SAIS: Full of Gifted Students?
How you can help leave a positive legacy at SAIS
By Chris Forster

There’s a bench in the Nitze courtyard. You may have seen it. It has a tiny brass plaque on it that whispers to the world how some class some year generously gave SAIS students some place to sit and smoke. Not to denigrate the time and effort that went into that gift, but we can do better.

Last year the Class of 2007 made a bold attempt to break the mold. They eyed our peer schools with both a hint of admiration and jealousy. SAIS, though generous, seems to assist its students so little through endowments compared to the presidential nomenclature of schools. The funds are in the millions; the fact that Kennedy and Woodrow Wilson out perform us seven fold is no mean feat – perhaps it should be something to stir our competitive side.

From the reverse side, alumni participation at these schools has historically been significantly better. Yes, we can be proud that alums who typically participated from SAIS (11%) were more numerous than those of Georgetown (5%) or even SIPA (6%). Yet, we can also be inspired by our intellectual cousins at Fletcher who annually reach a class participation rate of nearly a third. Again, I think we can do even better.

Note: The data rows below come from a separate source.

lemma ivp_solution_continuous_on:
  assumes "ivp_solution h f p a v T"
  shows "continuous_on {0..T} v"
  using assms unfolding ivp_solution_def
  by (metis DERIV_continuous continuous_on_eq_continuous_within)

lemma signed_powr_ge_imp_ge:
  fixes x B p :: real
  assumes p: "p > 1" and B: "B > 0" and ge: "\<bar>x\<bar> powr (p - 2) * x \<ge> B powr (p - 1)"
  shows "x \<ge> B"
proof -
  have "\<bar>x\<bar> powr (p - 2) * x > 0" using ge B powr_gt_zero[of B "p - 1"] by linarith
  then have "x > 0" by (simp add: zero_less_mult_iff)
  then have "\<bar>x\<bar> powr (p - 2) * x = x powr (p - 1)"
    using powr_add[of x "p - 2" 1] by simp
  then show ?thesis
    using ge p B \<open>x > 0\<close> by (metis linorder_not_le powr_less_mono2 diff_gt_0_iff_gt less_eq_real_def)
qed

lemma slope_ge_if_forcing_bounded:
  fixes h f v :: "real \<Rightarrow> real"
  assumes p: "p > 1" and B: "B > 0" and C: "C \<ge> 0"
    and eq: "\<bar>w\<bar> powr (p - 2) * w = a powr (p - 1) - integral {0<..<t} (\<lambda>s. h s * f (v s))"
    and hf_int: "(\<lambda>s. h s * f (v s)) integrable_on {0<..<t}"
    and h_int: "h integrable_on {0<..<t}" and H: "integral {0<..<t} h \<le> H"
    and h_nonneg: "\<forall>s\<in>{0<..<t}. 0 \<le> h s"
    and fv: "\<forall>s\<in>{0<..<t}. f (v s) \<le> C"
    and a: "C * H + B powr (p - 1) \<le> a powr (p - 1)"
  shows "w \<ge> B"
proof -
  have "h s * f (v s) \<le> C * h s" if "s \<in> {0<..<t}" for s
    using mult_left_mono[OF fv[rule_format, OF that] h_nonneg[rule_format, OF that]]
    by (simp add: mult.commute)
  then have "integral {0<..<t} (\<lambda>s. h s * f (v s)) \<le> integral {0<..<t} (\<lambda>s. C * h s)"
    using hf_int integrable_on_cmult_left[OF h_int] by (intro integral_le) auto
  also have "\<dots> \<le> C * H" using H C by (simp add: mult_left_mono)
  finally show ?thesis
    using signed_powr_ge_imp_ge[OF p B] eq a by simp
qed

The Sisyphean task was perhaps too much for our esteemed Gift Committee predecessors to take on when they did: just three months before graduating. Kudos to them, though: they excelled in their task, blowing Fletcher out of the water with 50% of SAIS-ers getting involved.

Their efforts teach us one thing: don’t be fooled. It’s not the money that forms the most daunting task. The revered target of $100,000 is attainable over a period of some years and, once there, sustainable.

Human capital is much, much more difficult to come by. Asking students for money is easy. They are all around you. They sit next to you in the cafeteria; one hopes they must at some point walk through the Nitze entrance. Finding the people to do this, to entreat cash-strapped individuals to part ways with jealously-guarded sums of their already scarce spending money, is the problem. In other words, recruitment is the trick.

The Class Gift Committee will probably need around ten to twenty volunteers to help with direction, management, promotion and fundraising. Who will these fearless characters be? Once the class has graduated, the gift must be tended to like a fattening lamb. Who will be our humble shepherd, ready to continue the solicitation of more money from the government officials, academics, bankers and journalists that we will have become?

More importantly, it’s not just recruitment to the Class Gift Committee, but also recruitment to the cause. Inspiring our class to even care about the gift is an obvious pre-requisite. Yet how do you persuade people to contribute to a cause that verges on the abstract in their minds. What are we giving? A scholarship? A summer fellowship? With so many books to read and your own personal problems, why should you donate to a fund that will never affect you? Getting half the school to care about this last year proved that it is possible to engage the student body; but I think we can do better.

Ever the optimist, I think most people probably will donate. It has to do with empathy. We’re all human. We know what it’s like to be a poor student struggling with DC prices and tuition bills. Even an extra grand would ease the worry. So why not help alleviate the pain for someone else? Perform that most human of acts: altruism? One that in our day we would have appreciated?

Of course, a more energetic, direct and thus American way to get people involved is to have the debate start early. What do we want our Class Gift to be? If you ponder for even two minutes you will have invested time in it, so why not some money, too? If the gift ends up being a scholarship, to whom should it go? The financially constrained? The über-intelligent? To minorities or foreign students? Don’t tell me this doesn’t pique your curiosity, that you don’t want to have a say in where your money goes.

Our class should have a debate as to what our gift should be. My own inclination is toward a scholarship. The more money that students get, the more they can focus on the reason they’re at school in the first place. There’d be no brass plaque to boast of our success, but I’m happy living in relative anonymity amongst the smoking community. Are you?

Chris Forster is a 2nd year MA candidate in Strategic Studies.